DIRECTIONS: Reproduce each entry below exactly, without omitting any.
** Opening EXERCISE MATERIALS block **
lemma card_cyc_block: "3 \<le> m \<Longrightarrow> i < m \<Longrightarrow> s < 3 \<Longrightarrow> card (cyc_block m i s) = 3"
  unfolding less_3_cases by (auto simp: cyc_block_def wrap_def twist_def)

lemma mem_cyc_block_iff:
  "3 \<le> m \<Longrightarrow> i < m \<Longrightarrow> s < 3 \<Longrightarrow> x < 3*m \<Longrightarrow> x \<in> cyc_block m i s \<longleftrightarrow> i = block_index m x s"
  unfolding less_3_cases by (auto simp: cyc_block_def block_index_def wrap_def twist_def)

lemma block_index_less: "3 \<le> m \<Longrightarrow> s < 3 \<Longrightarrow> x < 3*m \<Longrightarrow> block_index m x s < m"
  unfolding less_3_cases by (auto simp: block_index_def wrap_def twist_def)

text \<open>For \<open>m \<ge> 3\<close> the offsets \<open>twist s\<close>, \<open>s\<close> and \<open>s - twist s\<close> (\<open>s < 3\<close>) are each
  pairwise distinct modulo \<open>m\<close>, so any two of the three points of a block determine it.\<close>

lemma cyc_lower_middle_determine:
  "3 \<le> m \<Longrightarrow> i < m \<Longrightarrow> s < 3 \<Longrightarrow> s' < 3 \<Longrightarrow>
   wrap m (i + twist s) = wrap m (i + twist s') \<Longrightarrow> s = s'"
  unfolding less_3_cases wrap_def twist_def by (elim disjE; simp split: if_splits; linarith)

lemma cyc_lower_top_determine:
  "3 \<le> m \<Longrightarrow> i < m \<Longrightarrow> s < 3 \<Longrightarrow> s' < 3 \<Longrightarrow> wrap m (i + s) = wrap m (i + s') \<Longrightarrow> s = s'"
  unfolding less_3_cases wrap_def by (elim disjE; simp split: if_splits; linarith)

lemma cyc_middle_top_determine:
  "3 \<le> m \<Longrightarrow> i < m \<Longrightarrow> s < 3 \<Longrightarrow> i' < m \<Longrightarrow> s' < 3 \<Longrightarrow>
   wrap m (i + twist s) = wrap m (i' + twist s') \<Longrightarrow> wrap m (i + s) = wrap m (i' + s') \<Longrightarrow>
   i = i' \<and> s = s'"
  unfolding less_3_cases wrap_def twist_def by (elim disjE; simp split: if_splits; linarith)

lemma cyc_block_common_point:
  assumes "3 \<le> m" "i < m" "s < 3" "i' < m" "s' < 3"
    and "x \<in> cyc_block m i s" "x \<in> cyc_block m i' s'"
  shows "(x = i \<and> x = i') \<or>
    (x = m + wrap m (i + twist s) \<and> wrap m (i + twist s) = wrap m (i' + twist s')) \<or>
    (x = 2*m + wrap m (i + s) \<and> wrap m (i + s) = wrap m (i' + s'))"
proof -
  consider "x < m" | "m \<le> x" "x < 2*m" | "2*m \<le> x"
    by linarith
  then show ?thesis
  proof cases
    case 1
    then show ?thesis
      using assms(6,7) cyc_block_lower by blast
  next
    case 2
    then show ?thesis
      using cyc_block_middle[OF assms(1-3,6)] cyc_block_middle[OF assms(1,4,5,7)] by simp
  next
    case 3
    then show ?thesis
      using cyc_block_top[OF assms(1-3,6)] cyc_block_top[OF assms(1,4,5,7)] by simp
  qed
qed

lemma cyc_block_eq_iff:
  assumes "3 \<le> m" "i < m" "s < 3" "i' < m" "s' < 3"
  shows "cyc_block m i s = cyc_block m i' s' \<longleftrightarrow> i = i' \<and> s = s'"
proof
  assume eq: "cyc_block m i s = cyc_block m i' s'"
  have lower: "i \<in> cyc_block m i' s'" and top: "2*m + wrap m (i + s) \<in> cyc_block m i' s'"
    using eq unfolding cyc_block_def by blast+
  have "i = i'"
    using cyc_block_lower[OF lower] assms(2) by simp
  moreover have "wrap m (i + s) = wrap m (i' + s')"
    using cyc_block_top[OF assms(1,4,5) top] by simp
  ultimately show "i = i' \<and> s = s'"
    using cyc_lower_top_determine assms by blast
qed simp

lemma cyc_block_pair_unique:
  assumes "3 \<le> m" "i < m" "s < 3" "i' < m" "s' < 3" "x \<noteq> y"
    and "x \<in> cyc_block m i s" "y \<in> cyc_block m i s" "x \<in> cyc_block m i' s'" "y \<in> cyc_block m i' s'"
  shows "i = i' \<and> s = s'"
  using cyc_block_common_point[OF assms(1-5,7,9)] cyc_block_common_point[OF assms(1-5,8,10)]
  by (elim disjE)
    (use assms(6) cyc_lower_middle_determine[OF assms(1-3,5)] cyc_lower_top_determine[OF assms(1-3,5)]
       cyc_middle_top_determine[OF assms(1-5)] in auto)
** Closing EXERCISE MATERIALS block **
SOLVED PROBLEM:
lemma card_cyc_block: "3 \<le> m \<Longrightarrow> i < m \<Longrightarrow> s < 3 \<Longrightarrow> card (cyc_block m i s) = 3"
  unfolding less_3_cases by (auto simp: cyc_block_def wrap_def twist_def)

lemma mem_cyc_block_iff:
  "3 \<le> m \<Longrightarrow> i < m \<Longrightarrow> s < 3 \<Longrightarrow> x < 3*m \<Longrightarrow> x \<in> cyc_block m i s \<longleftrightarrow> i = block_index m x s"
  unfolding less_3_cases by (auto simp: cyc_block_def block_index_def wrap_def twist_def)

lemma block_index_less: "3 \<le> m \<Longrightarrow> s < 3 \<Longrightarrow> x < 3*m \<Longrightarrow> block_index m x s < m"
  unfolding less_3_cases by (auto simp: block_index_def wrap_def twist_def)

text \<open>For \<open>m \<ge> 3\<close> the offsets \<open>twist s\<close>, \<open>s\<close> and \<open>s - twist s\<close> (\<open>s < 3\<close>) are each
  pairwise distinct modulo \<open>m\<close>, so any two of the three points of a block determine it.\<close>

lemma cyc_lower_middle_determine:
  "3 \<le> m \<Longrightarrow> i < m \<Longrightarrow> s < 3 \<Longrightarrow> s' < 3 \<Longrightarrow>
   wrap m (i + twist s) = wrap m (i + twist s') \<Longrightarrow> s = s'"
  unfolding less_3_cases wrap_def twist_def by (elim disjE; simp split: if_splits; linarith)

lemma cyc_lower_top_determine:
  "3 \<le> m \<Longrightarrow> i < m \<Longrightarrow> s < 3 \<Longrightarrow> s' < 3 \<Longrightarrow> wrap m (i + s) = wrap m (i + s') \<Longrightarrow> s = s'"
  unfolding less_3_cases wrap_def by (elim disjE; simp split: if_splits; linarith)

lemma cyc_middle_top_determine:
  "3 \<le> m \<Longrightarrow> i < m \<Longrightarrow> s < 3 \<Longrightarrow> i' < m \<Longrightarrow> s' < 3 \<Longrightarrow>
   wrap m (i + twist s) = wrap m (i' + twist s') \<Longrightarrow> wrap m (i + s) = wrap m (i' + s') \<Longrightarrow>
   i = i' \<and> s = s'"
  unfolding less_3_cases wrap_def twist_def by (elim disjE; simp split: if_splits; linarith)

lemma cyc_block_common_point:
  assumes "3 \<le> m" "i < m" "s < 3" "i' < m" "s' < 3"
    and "x \<in> cyc_block m i s" "x \<in> cyc_block m i' s'"
  shows "(x = i \<and> x = i') \<or>
    (x = m + wrap m (i + twist s) \<and> wrap m (i + twist s) = wrap m (i' + twist s')) \<or>
    (x = 2*m + wrap m (i + s) \<and> wrap m (i + s) = wrap m (i' + s'))"
proof -
  consider "x < m" | "m \<le> x" "x < 2*m" | "2*m \<le> x"
    by linarith
  then show ?thesis
  proof cases
    case 1
    then show ?thesis
      using assms(6,7) cyc_block_lower by blast
  next
    case 2
    then show ?thesis
      using cyc_block_middle[OF assms(1-3,6)] cyc_block_middle[OF assms(1,4,5,7)] by simp
  next
    case 3
    then show ?thesis
      using cyc_block_top[OF assms(1-3,6)] cyc_block_top[OF assms(1,4,5,7)] by simp
  qed
qed

lemma cyc_block_eq_iff:
  assumes "3 \<le> m" "i < m" "s < 3" "i' < m" "s' < 3"
  shows "cyc_block m i s = cyc_block m i' s' \<longleftrightarrow> i = i' \<and> s = s'"
proof
  assume eq: "cyc_block m i s = cyc_block m i' s'"
  have lower: "i \<in> cyc_block m i' s'" and top: "2*m + wrap m (i + s) \<in> cyc_block m i' s'"
    using eq unfolding cyc_block_def by blast+
  have "i = i'"
    using cyc_block_lower[OF lower] assms(2) by simp
  moreover have "wrap m (i + s) = wrap m (i' + s')"
    using cyc_block_top[OF assms(1,4,5) top] by simp
  ultimately show "i = i' \<and> s = s'"
    using cyc_lower_top_determine assms by blast
qed simp

lemma cyc_block_pair_unique:
  assumes "3 \<le> m" "i < m" "s < 3" "i' < m" "s' < 3" "x \<noteq> y"
    and "x \<in> cyc_block m i s" "y \<in> cyc_block m i s" "x \<in> cyc_block m i' s'" "y \<in> cyc_block m i' s'"
  shows "i = i' \<and> s = s'"
  using cyc_block_common_point[OF assms(1-5,7,9)] cyc_block_common_point[OF assms(1-5,8,10)]
  by (elim disjE)
    (use assms(6) cyc_lower_middle_determine[OF assms(1-3,5)] cyc_lower_top_determine[OF assms(1-3,5)]
       cyc_middle_top_determine[OF assms(1-5)] in auto)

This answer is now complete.